- _Your task_
Once you have read the entries below, give them all again without any difference.

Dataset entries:
--------

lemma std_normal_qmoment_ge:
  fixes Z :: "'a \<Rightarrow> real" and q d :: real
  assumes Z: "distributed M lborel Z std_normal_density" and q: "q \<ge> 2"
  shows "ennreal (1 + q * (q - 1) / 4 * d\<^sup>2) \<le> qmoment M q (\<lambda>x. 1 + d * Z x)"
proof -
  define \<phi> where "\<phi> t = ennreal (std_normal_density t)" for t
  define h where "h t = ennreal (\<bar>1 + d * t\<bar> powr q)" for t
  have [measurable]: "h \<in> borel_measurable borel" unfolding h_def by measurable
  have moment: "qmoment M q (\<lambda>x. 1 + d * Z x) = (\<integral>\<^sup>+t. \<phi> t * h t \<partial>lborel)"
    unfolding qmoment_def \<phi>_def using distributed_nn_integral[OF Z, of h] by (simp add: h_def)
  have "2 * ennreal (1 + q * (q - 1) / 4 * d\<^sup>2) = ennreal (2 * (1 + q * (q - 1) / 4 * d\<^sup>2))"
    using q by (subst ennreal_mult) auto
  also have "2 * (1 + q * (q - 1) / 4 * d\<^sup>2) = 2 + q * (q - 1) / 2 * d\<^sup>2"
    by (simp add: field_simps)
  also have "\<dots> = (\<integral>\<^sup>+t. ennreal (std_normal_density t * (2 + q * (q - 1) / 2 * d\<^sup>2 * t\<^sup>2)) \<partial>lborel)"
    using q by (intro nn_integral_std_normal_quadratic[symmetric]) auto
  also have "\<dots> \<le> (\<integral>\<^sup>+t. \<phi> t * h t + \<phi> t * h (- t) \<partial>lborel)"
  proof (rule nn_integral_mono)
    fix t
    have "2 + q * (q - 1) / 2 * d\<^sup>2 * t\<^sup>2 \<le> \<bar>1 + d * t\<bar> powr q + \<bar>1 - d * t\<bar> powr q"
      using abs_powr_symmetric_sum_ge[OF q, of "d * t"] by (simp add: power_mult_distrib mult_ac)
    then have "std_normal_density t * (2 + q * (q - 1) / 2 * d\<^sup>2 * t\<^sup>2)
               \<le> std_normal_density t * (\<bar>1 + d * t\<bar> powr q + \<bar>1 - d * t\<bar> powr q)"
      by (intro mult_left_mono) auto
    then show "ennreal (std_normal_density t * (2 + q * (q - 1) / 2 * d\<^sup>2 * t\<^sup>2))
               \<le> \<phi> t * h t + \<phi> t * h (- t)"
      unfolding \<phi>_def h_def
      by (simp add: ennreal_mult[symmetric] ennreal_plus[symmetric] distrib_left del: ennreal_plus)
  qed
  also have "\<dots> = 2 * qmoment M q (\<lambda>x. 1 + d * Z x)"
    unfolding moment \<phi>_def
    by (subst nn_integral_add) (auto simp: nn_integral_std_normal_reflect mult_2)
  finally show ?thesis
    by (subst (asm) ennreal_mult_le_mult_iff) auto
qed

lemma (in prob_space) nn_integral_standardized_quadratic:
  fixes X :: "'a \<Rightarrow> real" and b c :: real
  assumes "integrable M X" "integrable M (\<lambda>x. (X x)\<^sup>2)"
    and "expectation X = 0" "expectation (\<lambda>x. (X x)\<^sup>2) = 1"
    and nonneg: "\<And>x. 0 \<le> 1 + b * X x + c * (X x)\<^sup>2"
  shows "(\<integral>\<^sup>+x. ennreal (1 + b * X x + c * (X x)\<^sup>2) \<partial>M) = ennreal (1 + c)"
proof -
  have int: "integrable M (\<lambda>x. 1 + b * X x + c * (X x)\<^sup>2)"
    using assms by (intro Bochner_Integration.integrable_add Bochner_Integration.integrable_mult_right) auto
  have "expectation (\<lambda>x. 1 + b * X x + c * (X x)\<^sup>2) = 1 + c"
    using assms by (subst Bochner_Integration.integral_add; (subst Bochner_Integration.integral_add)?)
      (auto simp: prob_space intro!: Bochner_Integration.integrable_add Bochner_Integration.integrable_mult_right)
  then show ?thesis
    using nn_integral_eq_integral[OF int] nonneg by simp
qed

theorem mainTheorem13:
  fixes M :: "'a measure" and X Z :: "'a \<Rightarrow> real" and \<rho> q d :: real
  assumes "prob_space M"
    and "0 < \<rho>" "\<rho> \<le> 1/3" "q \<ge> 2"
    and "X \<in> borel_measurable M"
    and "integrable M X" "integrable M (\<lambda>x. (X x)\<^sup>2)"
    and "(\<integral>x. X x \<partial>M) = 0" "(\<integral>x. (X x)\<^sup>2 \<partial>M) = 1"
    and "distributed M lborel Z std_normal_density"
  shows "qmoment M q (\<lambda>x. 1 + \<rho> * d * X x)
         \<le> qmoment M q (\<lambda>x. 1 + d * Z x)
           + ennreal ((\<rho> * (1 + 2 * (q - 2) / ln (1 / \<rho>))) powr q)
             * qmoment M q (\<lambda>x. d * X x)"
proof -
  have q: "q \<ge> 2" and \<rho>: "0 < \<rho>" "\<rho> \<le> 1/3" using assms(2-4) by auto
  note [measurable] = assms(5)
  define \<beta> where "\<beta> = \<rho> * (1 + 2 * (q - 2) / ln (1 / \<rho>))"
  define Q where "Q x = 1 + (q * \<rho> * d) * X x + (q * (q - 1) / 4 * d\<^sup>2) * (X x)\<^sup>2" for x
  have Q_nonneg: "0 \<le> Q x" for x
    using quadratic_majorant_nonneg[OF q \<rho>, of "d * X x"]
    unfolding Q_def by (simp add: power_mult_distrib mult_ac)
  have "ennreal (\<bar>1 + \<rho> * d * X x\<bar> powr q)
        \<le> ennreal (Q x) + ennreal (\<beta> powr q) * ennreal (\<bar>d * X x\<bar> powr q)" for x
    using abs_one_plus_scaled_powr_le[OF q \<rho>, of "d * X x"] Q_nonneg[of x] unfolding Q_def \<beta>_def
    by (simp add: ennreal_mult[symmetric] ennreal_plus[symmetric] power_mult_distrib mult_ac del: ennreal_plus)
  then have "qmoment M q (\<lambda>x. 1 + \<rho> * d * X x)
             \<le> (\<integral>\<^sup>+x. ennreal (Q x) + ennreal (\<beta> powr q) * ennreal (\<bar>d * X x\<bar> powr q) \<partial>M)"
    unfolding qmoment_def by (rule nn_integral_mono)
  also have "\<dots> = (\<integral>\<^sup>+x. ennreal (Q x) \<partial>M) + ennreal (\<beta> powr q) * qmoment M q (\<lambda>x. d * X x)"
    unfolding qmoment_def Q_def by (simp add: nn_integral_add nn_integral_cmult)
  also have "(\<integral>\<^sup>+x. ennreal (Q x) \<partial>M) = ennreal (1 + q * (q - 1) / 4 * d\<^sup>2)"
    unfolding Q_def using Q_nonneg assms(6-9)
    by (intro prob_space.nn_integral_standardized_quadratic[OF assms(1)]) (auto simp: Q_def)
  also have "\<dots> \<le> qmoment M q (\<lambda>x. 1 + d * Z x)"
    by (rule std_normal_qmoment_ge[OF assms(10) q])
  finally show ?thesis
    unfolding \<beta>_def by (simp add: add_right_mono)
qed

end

--------

- _Solution below_
lemma std_normal_qmoment_ge:
  fixes Z :: "'a \<Rightarrow> real" and q d :: real
  assumes Z: "distributed M lborel Z std_normal_density" and q: "q \<ge> 2"
  shows "ennreal (1 + q * (q - 1) / 4 * d\<^sup>2) \<le> qmoment M q (\<lambda>x. 1 + d * Z x)"
proof -
  define \<phi> where "\<phi> t = ennreal (std_normal_density t)" for t
  define h where "h t = ennreal (\<bar>1 + d * t\<bar> powr q)" for t
  have [measurable]: "h \<in> borel_measurable borel" unfolding h_def by measurable
  have moment: "qmoment M q (\<lambda>x. 1 + d * Z x) = (\<integral>\<^sup>+t. \<phi> t * h t \<partial>lborel)"
    unfolding qmoment_def \<phi>_def using distributed_nn_integral[OF Z, of h] by (simp add: h_def)
  have "2 * ennreal (1 + q * (q - 1) / 4 * d\<^sup>2) = ennreal (2 * (1 + q * (q - 1) / 4 * d\<^sup>2))"
    using q by (subst ennreal_mult) auto
  also have "2 * (1 + q * (q - 1) / 4 * d\<^sup>2) = 2 + q * (q - 1) / 2 * d\<^sup>2"
    by (simp add: field_simps)
  also have "\<dots> = (\<integral>\<^sup>+t. ennreal (std_normal_density t * (2 + q * (q - 1) / 2 * d\<^sup>2 * t\<^sup>2)) \<partial>lborel)"
    using q by (intro nn_integral_std_normal_quadratic[symmetric]) auto
  also have "\<dots> \<le> (\<integral>\<^sup>+t. \<phi> t * h t + \<phi> t * h (- t) \<partial>lborel)"
  proof (rule nn_integral_mono)
    fix t
    have "2 + q * (q - 1) / 2 * d\<^sup>2 * t\<^sup>2 \<le> \<bar>1 + d * t\<bar> powr q + \<bar>1 - d * t\<bar> powr q"
      using abs_powr_symmetric_sum_ge[OF q, of "d * t"] by (simp add: power_mult_distrib mult_ac)
    then have "std_normal_density t * (2 + q * (q - 1) / 2 * d\<^sup>2 * t\<^sup>2)
               \<le> std_normal_density t * (\<bar>1 + d * t\<bar> powr q + \<bar>1 - d * t\<bar> powr q)"
      by (intro mult_left_mono) auto
    then show "ennreal (std_normal_density t * (2 + q * (q - 1) / 2 * d\<^sup>2 * t\<^sup>2))
               \<le> \<phi> t * h t + \<phi> t * h (- t)"
      unfolding \<phi>_def h_def
      by (simp add: ennreal_mult[symmetric] ennreal_plus[symmetric] distrib_left del: ennreal_plus)
  qed
  also have "\<dots> = 2 * qmoment M q (\<lambda>x. 1 + d * Z x)"
    unfolding moment \<phi>_def
    by (subst nn_integral_add) (auto simp: nn_integral_std_normal_reflect mult_2)
  finally show ?thesis
    by (subst (asm) ennreal_mult_le_mult_iff) auto
qed

lemma (in prob_space) nn_integral_standardized_quadratic:
  fixes X :: "'a \<Rightarrow> real" and b c :: real
  assumes "integrable M X" "integrable M (\<lambda>x. (X x)\<^sup>2)"
    and "expectation X = 0" "expectation (\<lambda>x. (X x)\<^sup>2) = 1"
    and nonneg: "\<And>x. 0 \<le> 1 + b * X x + c * (X x)\<^sup>2"
  shows "(\<integral>\<^sup>+x. ennreal (1 + b * X x + c * (X x)\<^sup>2) \<partial>M) = ennreal (1 + c)"
proof -
  have int: "integrable M (\<lambda>x. 1 + b * X x + c * (X x)\<^sup>2)"
    using assms by (intro Bochner_Integration.integrable_add Bochner_Integration.integrable_mult_right) auto
  have "expectation (\<lambda>x. 1 + b * X x + c * (X x)\<^sup>2) = 1 + c"
    using assms by (subst Bochner_Integration.integral_add; (subst Bochner_Integration.integral_add)?)
      (auto simp: prob_space intro!: Bochner_Integration.integrable_add Bochner_Integration.integrable_mult_right)
  then show ?thesis
    using nn_integral_eq_integral[OF int] nonneg by simp
qed

theorem mainTheorem13:
  fixes M :: "'a measure" and X Z :: "'a \<Rightarrow> real" and \<rho> q d :: real
  assumes "prob_space M"
    and "0 < \<rho>" "\<rho> \<le> 1/3" "q \<ge> 2"
    and "X \<in> borel_measurable M"
    and "integrable M X" "integrable M (\<lambda>x. (X x)\<^sup>2)"
    and "(\<integral>x. X x \<partial>M) = 0" "(\<integral>x. (X x)\<^sup>2 \<partial>M) = 1"
    and "distributed M lborel Z std_normal_density"
  shows "qmoment M q (\<lambda>x. 1 + \<rho> * d * X x)
         \<le> qmoment M q (\<lambda>x. 1 + d * Z x)
           + ennreal ((\<rho> * (1 + 2 * (q - 2) / ln (1 / \<rho>))) powr q)
             * qmoment M q (\<lambda>x. d * X x)"
proof -
  have q: "q \<ge> 2" and \<rho>: "0 < \<rho>" "\<rho> \<le> 1/3" using assms(2-4) by auto
  note [measurable] = assms(5)
  define \<beta> where "\<beta> = \<rho> * (1 + 2 * (q - 2) / ln (1 / \<rho>))"
  define Q where "Q x = 1 + (q * \<rho> * d) * X x + (q * (q - 1) / 4 * d\<^sup>2) * (X x)\<^sup>2" for x
  have Q_nonneg: "0 \<le> Q x" for x
    using quadratic_majorant_nonneg[OF q \<rho>, of "d * X x"]
    unfolding Q_def by (simp add: power_mult_distrib mult_ac)
  have "ennreal (\<bar>1 + \<rho> * d * X x\<bar> powr q)
        \<le> ennreal (Q x) + ennreal (\<beta> powr q) * ennreal (\<bar>d * X x\<bar> powr q)" for x
    using abs_one_plus_scaled_powr_le[OF q \<rho>, of "d * X x"] Q_nonneg[of x] unfolding Q_def \<beta>_def
    by (simp add: ennreal_mult[symmetric] ennreal_plus[symmetric] power_mult_distrib mult_ac del: ennreal_plus)
  then have "qmoment M q (\<lambda>x. 1 + \<rho> * d * X x)
             \<le> (\<integral>\<^sup>+x. ennreal (Q x) + ennreal (\<beta> powr q) * ennreal (\<bar>d * X x\<bar> powr q) \<partial>M)"
    unfolding qmoment_def by (rule nn_integral_mono)
  also have "\<dots> = (\<integral>\<^sup>+x. ennreal (Q x) \<partial>M) + ennreal (\<beta> powr q) * qmoment M q (\<lambda>x. d * X x)"
    unfolding qmoment_def Q_def by (simp add: nn_integral_add nn_integral_cmult)
  also have "(\<integral>\<^sup>+x. ennreal (Q x) \<partial>M) = ennreal (1 + q * (q - 1) / 4 * d\<^sup>2)"
    unfolding Q_def using Q_nonneg assms(6-9)
    by (intro prob_space.nn_integral_standardized_quadratic[OF assms(1)]) (auto simp: Q_def)
  also have "\<dots> \<le> qmoment M q (\<lambda>x. 1 + d * Z x)"
    by (rule std_normal_qmoment_ge[OF assms(10) q])
  finally show ?thesis
    unfolding \<beta>_def by (simp add: add_right_mono)
qed

end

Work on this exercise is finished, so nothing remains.